lemma pd2_pd1_commute:
  assumes f: "smooth2 U f" and U: "open U" and "(x0, t0) \<in> U"
  shows "pd2 (pd1 f) x0 t0 = pd1 (pd2 f) x0 t0"
proof -
  obtain r where "r > 0" and ball: "ball (x0, t0) r \<subseteq> U"
    using U \<open>(x0, t0) \<in> U\<close> open_contains_ball by blast
  define e where "e = r / 2"
  define a where "a = x0 - e"
  define b where "b = x0 + e"
  have "e > 0" and x0: "x0 \<in> {a<..<b}"
    using \<open>r > 0\<close> by (auto simp: e_def a_def b_def)
  have rect: "{a..b} \<times> ball t0 e \<subseteq> U"
  proof clarify
    fix y s assume "y \<in> {a..b}" "s \<in> ball t0 e"
    then have "\<bar>x0 - y\<bar> \<le> e" "\<bar>t0 - s\<bar> < e"
      by (auto simp: a_def b_def dist_real_def)
    then have "dist (x0, t0) (y, s) < r"
      using sqrt_sum_squares_le_sum_abs[of "x0 - y" "t0 - s"]
      by (simp add: dist_Pair_Pair dist_real_def e_def)
    then show "(y, s) \<in> U" using ball by auto
  qed
  define h where "h = pd2 (pd1 f)"
  have "continuous_on {a..b} (\<lambda>y. h y t0)"
    unfolding h_def by (rule smooth2_continuous_on_slice[OF smooth2_pd2[OF smooth2_pd1[OF f]] U])
      (use rect \<open>e > 0\<close> in auto)
  then have "((\<lambda>x. integral {a..x} (\<lambda>y. h y t0)) has_vector_derivative h x0 t0) (at x0 within {a..b})"
    using x0 by (intro integral_has_vector_derivative) auto
  then have "((\<lambda>x. integral {a..x} (\<lambda>y. h y t0)) has_vector_derivative h x0 t0) (at x0 within {a<..<b})"
    by (rule has_vector_derivative_within_subset) auto
  then have "((\<lambda>x. integral {a..x} (\<lambda>y. h y t0)) has_vector_derivative h x0 t0) (at x0)"
    using at_within_open[OF x0 open_greaterThanLessThan] by simp
  then have "((\<lambda>x. pd2 f a t0 + integral {a..x} (\<lambda>y. h y t0)) has_vector_derivative h x0 t0) (at x0)"
    using has_vector_derivative_add[OF has_vector_derivative_const] by fastforce
  moreover have "pd2 f a t0 + integral {a..x} (\<lambda>y. h y t0) = pd2 f x t0" if "x \<in> {a<..<b}" for x
  proof -
    have "a \<le> x" "{a..x} \<times> ball t0 e \<subseteq> U" using rect that by auto
    then show ?thesis
      using pd2_diff_eq_integral_pd2_pd1[OF f U \<open>e > 0\<close>, symmetric] unfolding h_def by simp
  qed
  ultimately have "((\<lambda>x. pd2 f x t0) has_vector_derivative h x0 t0) (at x0)"
    by (rule has_vector_derivative_transform_within_open[OF _ open_greaterThanLessThan x0])
  then show ?thesis
    using has_vector_derivative_pd1[OF smooth2_pd2[OF f] U \<open>(x0, t0) \<in> U\<close>] vector_derivative_unique_at
    unfolding h_def by blast
qed

lemma has_vector_derivative_integral0:
  assumes s: "continuous_on UNIV s"
  shows "(integral0 s has_vector_derivative s t) (at t)"
proof -
  define a where "a = - \<bar>t\<bar> - 1"
  define b where "b = \<bar>t\<bar> + 1"
  have t: "t \<in> {a<..<b}" and "a \<le> 0" by (auto simp: a_def b_def)
  have int: "s integrable_on {p..q}" for p q
    by (rule integrable_continuous_interval[OF continuous_on_subset[OF s]]) simp
  have integral0_eq: "integral0 s u = integral {a..u} s - integral {a..0} s" if "u \<in> {a<..<b}" for u
  proof (cases "0 \<le> u")
    case True
    then show ?thesis
      using Henstock_Kurzweil_Integration.integral_combine[OF \<open>a \<le> 0\<close> True int]
      by (simp add: integral0_def algebra_simps)
  next
    case False
    then show ?thesis
      using Henstock_Kurzweil_Integration.integral_combine[of a u 0, OF _ _ int] that
      by (simp add: integral0_def algebra_simps)
  qed
  have "((\<lambda>u. integral {a..u} s) has_vector_derivative s t) (at t within {a..b})"
    using t by (intro integral_has_vector_derivative continuous_on_subset[OF s]) auto
  then have "((\<lambda>u. integral {a..u} s) has_vector_derivative s t) (at t within {a<..<b})"
    by (rule has_vector_derivative_within_subset) auto
  then have "((\<lambda>u. integral {a..u} s - integral {a..0} s) has_vector_derivative s t) (at t)"
    using at_within_open[OF t open_greaterThanLessThan] by (simp add: has_vector_derivative_diff_const)
  then show ?thesis
    by (rule has_vector_derivative_transform_within_open[OF _ open_greaterThanLessThan t])
       (simp add: integral0_eq)
qed

lemma cole_hopf_potential:
  fixes \<phi> \<beta> :: "real \<Rightarrow> real \<Rightarrow> complex" and s C :: "real \<Rightarrow> complex" and \<kappa> :: complex
  assumes U: "open U" and \<phi>: "smooth2 U \<phi>"
    and C: "\<And>t. (C has_vector_derivative \<kappa> * s t) (at t)"
    and \<phi>_eq: "\<And>x t. (x, t) \<in> U \<Longrightarrow>
      pd2 \<phi> x t = \<i> * pd1 (pd1 \<phi>) x t + \<i> * \<kappa> * (pd1 \<phi> x t)\<^sup>2 + s t"
    and \<beta>: "\<And>x t. (x, t) \<in> U \<Longrightarrow> \<beta> x t = exp (\<kappa> * \<phi> x t - C t)"
    and xt: "(x, t) \<in> U"
  shows "pd2 \<beta> x t = \<i> * pd1 (pd1 \<beta>) x t"
proof -
  note derivs = has_vector_derivative_pd1[OF \<phi> U] has_vector_derivative_pd1[OF smooth2_pd1[OF \<phi>] U]
    has_vector_derivative_pd2[OF \<phi> U] C
  have \<beta>_x: "pd1 \<beta> y s = \<kappa> * pd1 \<phi> y s * exp (\<kappa> * \<phi> y s - C s)" if "(y, s) \<in> U" for y s
    by (rule pd1_eqI[OF U that \<beta>]) (auto intro!: derivative_eq_intros derivs that)
  have \<beta>_xx: "pd1 (pd1 \<beta>) x t = \<kappa> * (pd1 (pd1 \<phi>) x t + \<kappa> * (pd1 \<phi> x t)\<^sup>2) * \<beta> x t"
    by (rule pd1_eqI[OF U xt \<beta>_x])
       (auto intro!: derivative_eq_intros derivs xt simp: \<beta>[OF xt] algebra_simps power2_eq_square)
  have \<beta>_t: "pd2 \<beta> x t = \<kappa> * (pd2 \<phi> x t - s t) * \<beta> x t"
    by (rule pd2_eqI[OF U xt \<beta>])
       (auto intro!: derivative_eq_intros derivs xt simp: \<beta>[OF xt] algebra_simps)
  show ?thesis
    unfolding \<beta>_xx \<beta>_t \<phi>_eq[OF xt] by (simp add: algebra_simps)
qed

lemma cole_hopf_gradient:
  fixes \<phi> \<rho> \<beta> :: "real \<Rightarrow> real \<Rightarrow> complex" and s a b C :: "real \<Rightarrow> complex" and \<kappa> :: complex
  assumes U: "open U" and \<phi>: "smooth2 U \<phi>" and \<rho>: "smooth2 U \<rho>"
    and C: "\<And>t. (C has_vector_derivative a t - \<kappa> * s t) (at t)"
    and \<phi>_eq: "\<And>x t. (x, t) \<in> U \<Longrightarrow>
      pd2 \<phi> x t = \<i> * pd1 (pd1 \<phi>) x t + \<i> * \<kappa> * (pd1 \<phi> x t)\<^sup>2 + s t"
    and \<rho>_eq: "\<And>x t. (x, t) \<in> U \<Longrightarrow>
      pd2 \<rho> x t = - \<i> * pd1 (pd1 \<rho>) x t + 2 * \<i> * \<kappa> * pd1 \<phi> x t * pd1 \<rho> x t + a t * \<rho> x t + b t"
    and \<beta>: "\<And>x t. (x, t) \<in> U \<Longrightarrow> \<beta> x t = pd1 \<rho> x t * exp (- \<kappa> * \<phi> x t - C t)"
    and xt: "(x, t) \<in> U"
  shows "pd2 \<beta> x t = - \<i> * pd1 (pd1 \<beta>) x t"
proof -
  define r where "r = pd1 \<rho>"
  have r: "smooth2 U r" unfolding r_def by (rule smooth2_pd1[OF \<rho>])
  define E where "E x t = exp (- \<kappa> * \<phi> x t - C t)" for x t
  have \<beta>_r: "\<beta> y s = r y s * E y s" if "(y, s) \<in> U" for y s
    using \<beta>[OF that] by (simp add: r_def E_def)
  have \<rho>_r: "pd2 \<rho> y s = - \<i> * pd1 r y s + 2 * \<i> * \<kappa> * pd1 \<phi> y s * r y s + a s * \<rho> y s + b s"
    if "(y, s) \<in> U" for y s
    using \<rho>_eq[OF that] by (simp add: r_def)
  note derivs = has_vector_derivative_pd1[OF \<phi> U] has_vector_derivative_pd1[OF smooth2_pd1[OF \<phi>] U]
    has_vector_derivative_pd2[OF \<phi> U] has_vector_derivative_pd1[OF \<rho> U, folded r_def]
    has_vector_derivative_pd1[OF r U] has_vector_derivative_pd1[OF smooth2_pd1[OF r] U]
    has_vector_derivative_pd2[OF r U] C
  have \<beta>_x: "pd1 \<beta> y s = (pd1 r y s - \<kappa> * r y s * pd1 \<phi> y s) * E y s" if "(y, s) \<in> U" for y s
    by (rule pd1_eqI[OF U that \<beta>_r])
       (auto intro!: derivative_eq_intros derivs that simp: E_def algebra_simps)
  have \<beta>_xx: "pd1 (pd1 \<beta>) x t = (pd1 (pd1 r) x t - \<kappa> * (pd1 r x t * pd1 \<phi> x t + r x t * pd1 (pd1 \<phi>) x t)
      - \<kappa> * pd1 \<phi> x t * (pd1 r x t - \<kappa> * r x t * pd1 \<phi> x t)) * E x t"
    by (rule pd1_eqI[OF U xt \<beta>_x])
       (auto intro!: derivative_eq_intros derivs xt simp: E_def algebra_simps)
  have \<beta>_t: "pd2 \<beta> x t = (pd2 r x t - r x t * (\<kappa> * pd2 \<phi> x t + a t - \<kappa> * s t)) * E x t"
    by (rule pd2_eqI[OF U xt \<beta>_r])
       (auto intro!: derivative_eq_intros derivs xt simp: E_def algebra_simps)
  have "pd2 r x t = pd1 (pd2 \<rho>) x t"
    unfolding r_def by (rule pd2_pd1_commute[OF \<rho> U xt])
  also have "\<dots> = - \<i> * pd1 (pd1 r) x t + 2 * \<i> * \<kappa> * (pd1 (pd1 \<phi>) x t * r x t + pd1 \<phi> x t * pd1 r x t)
      + a t * r x t"
    by (rule pd1_eqI[OF U xt \<rho>_r])
       (auto intro!: derivative_eq_intros derivs xt simp: algebra_simps)
  finally have r_t: "pd2 r x t = \<dots>" .
  show ?thesis
    unfolding \<beta>_xx \<beta>_t r_t \<phi>_eq[OF xt] by (simp add: algebra_simps power2_eq_square)
qed

theorem theorem5p1:
  fixes s1 s2 :: "real \<Rightarrow> complex"
    and \<alpha> \<rho> \<delta> \<theta> \<beta>1 \<beta>2 \<beta>3 \<beta>4 :: "real \<Rightarrow> real \<Rightarrow> complex"
    and U V :: "(real \<times> real) set"
  assumes "open U" and "open V"
    and "continuous_on UNIV s1" and "s1 0 = 0"
    and "smooth2 U \<alpha>" and "smooth2 U \<rho>" and "smooth2 V \<delta>" and "smooth2 V \<theta>"
    and "\<forall>(x, t)\<in>U. pd2 \<alpha> x t = \<i> * pd1 (pd1 \<alpha>) x t - \<i> * (pd1 \<alpha> x t)\<^sup>2"
    and "\<forall>(y, t)\<in>V. pd2 \<delta> y t = \<i> * pd1 (pd1 \<delta>) y t + \<i> * (pd1 \<delta> y t)\<^sup>2 + s1 t"
    and "\<forall>(x, t)\<in>U. pd2 \<rho> x t = - \<i> * pd1 (pd1 \<rho>) x t - 2 * \<i> * pd1 \<alpha> x t * pd1 \<rho> x t
                                 + s1 t * \<rho> x t + s2 t"
    and "\<forall>(y, t)\<in>V. pd2 \<theta> y t = - \<i> * pd1 (pd1 \<theta>) y t + 2 * \<i> * pd1 \<delta> y t * pd1 \<theta> y t
                                 + s1 t * \<theta> y t - s2 t"
    and "\<forall>(x, t)\<in>U. exp (- \<alpha> x t) = \<beta>1 x t"
    and "\<forall>(y, t)\<in>V. exp (\<delta> y t - integral0 s1 t) = \<beta>2 y t"
    and "\<forall>(x, t)\<in>U. pd1 \<rho> x t = \<beta>1 x t * \<beta>3 x t * exp (integral0 s1 t)"
    and "\<forall>(y, t)\<in>V. pd1 \<theta> y t = exp (\<delta> y t) * \<beta>4 y t"
  shows "(\<forall>(x, t)\<in>U. pd2 \<beta>1 x t = \<i> * pd1 (pd1 \<beta>1) x t
                   \<and> pd2 \<beta>3 x t = - \<i> * pd1 (pd1 \<beta>3) x t)
       \<and> (\<forall>(y, t)\<in>V. pd2 \<beta>2 y t = \<i> * pd1 (pd1 \<beta>2) y t
                   \<and> pd2 \<beta>4 y t = - \<i> * pd1 (pd1 \<beta>4) y t)"
proof -
  have \<beta>3: "\<beta>3 x t = pd1 \<rho> x t * exp (- (- 1) * \<alpha> x t - integral0 s1 t)" if "(x, t) \<in> U" for x t
  proof -
    have "pd1 \<rho> x t = exp (- \<alpha> x t) * \<beta>3 x t * exp (integral0 s1 t)"
      using assms(13,15) that by force
    then show ?thesis by (simp add: exp_diff exp_minus field_simps)
  qed
  have \<beta>4: "\<beta>4 y t = pd1 \<theta> y t * exp (- 1 * \<delta> y t - 0)" if "(y, t) \<in> V" for y t
    using assms(16) that by (auto simp: exp_minus field_simps)
  have "pd2 \<beta>1 x t = \<i> * pd1 (pd1 \<beta>1) x t" if "(x, t) \<in> U" for x t
    by (rule cole_hopf_potential[OF \<open>open U\<close> \<open>smooth2 U \<alpha>\<close>, where \<kappa>="- 1" and s="\<lambda>_. 0" and C="\<lambda>_. 0"])
       (use assms(9,13) that in auto)
  moreover have "pd2 \<beta>3 x t = - \<i> * pd1 (pd1 \<beta>3) x t" if "(x, t) \<in> U" for x t
    by (rule cole_hopf_gradient[OF \<open>open U\<close> \<open>smooth2 U \<alpha>\<close> \<open>smooth2 U \<rho>\<close>,
          where \<kappa>="- 1" and s="\<lambda>_. 0" and a=s1 and b=s2 and C="integral0 s1"])
       (use assms(3,9,11) \<beta>3 that has_vector_derivative_integral0 in auto)
  moreover have "pd2 \<beta>2 y t = \<i> * pd1 (pd1 \<beta>2) y t" if "(y, t) \<in> V" for y t
    by (rule cole_hopf_potential[OF \<open>open V\<close> \<open>smooth2 V \<delta>\<close>, where \<kappa>=1 and s=s1 and C="integral0 s1"])
       (use assms(3,10,14) that has_vector_derivative_integral0 in auto)
  moreover have "pd2 \<beta>4 y t = - \<i> * pd1 (pd1 \<beta>4) y t" if "(y, t) \<in> V" for y t
    by (rule cole_hopf_gradient[OF \<open>open V\<close> \<open>smooth2 V \<delta>\<close> \<open>smooth2 V \<theta>\<close>,
          where \<kappa>=1 and s=s1 and a=s1 and b="\<lambda>t. - s2 t" and C="\<lambda>_. 0"])
       (use assms(10,12) \<beta>4 that in auto)
  ultimately show ?thesis by blast
qed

◇ ◇ ◇

Work instruction: Using the listing, copy every line where the word "rect" shows up.

Solution to this problem:
  have rect: "{a..b} \<times> ball t0 e \<subseteq> U"
      (use rect \<open>e > 0\<close> in auto)
    have "a \<le> x" "{a..x} \<times> ball t0 e \<subseteq> U" using rect that by auto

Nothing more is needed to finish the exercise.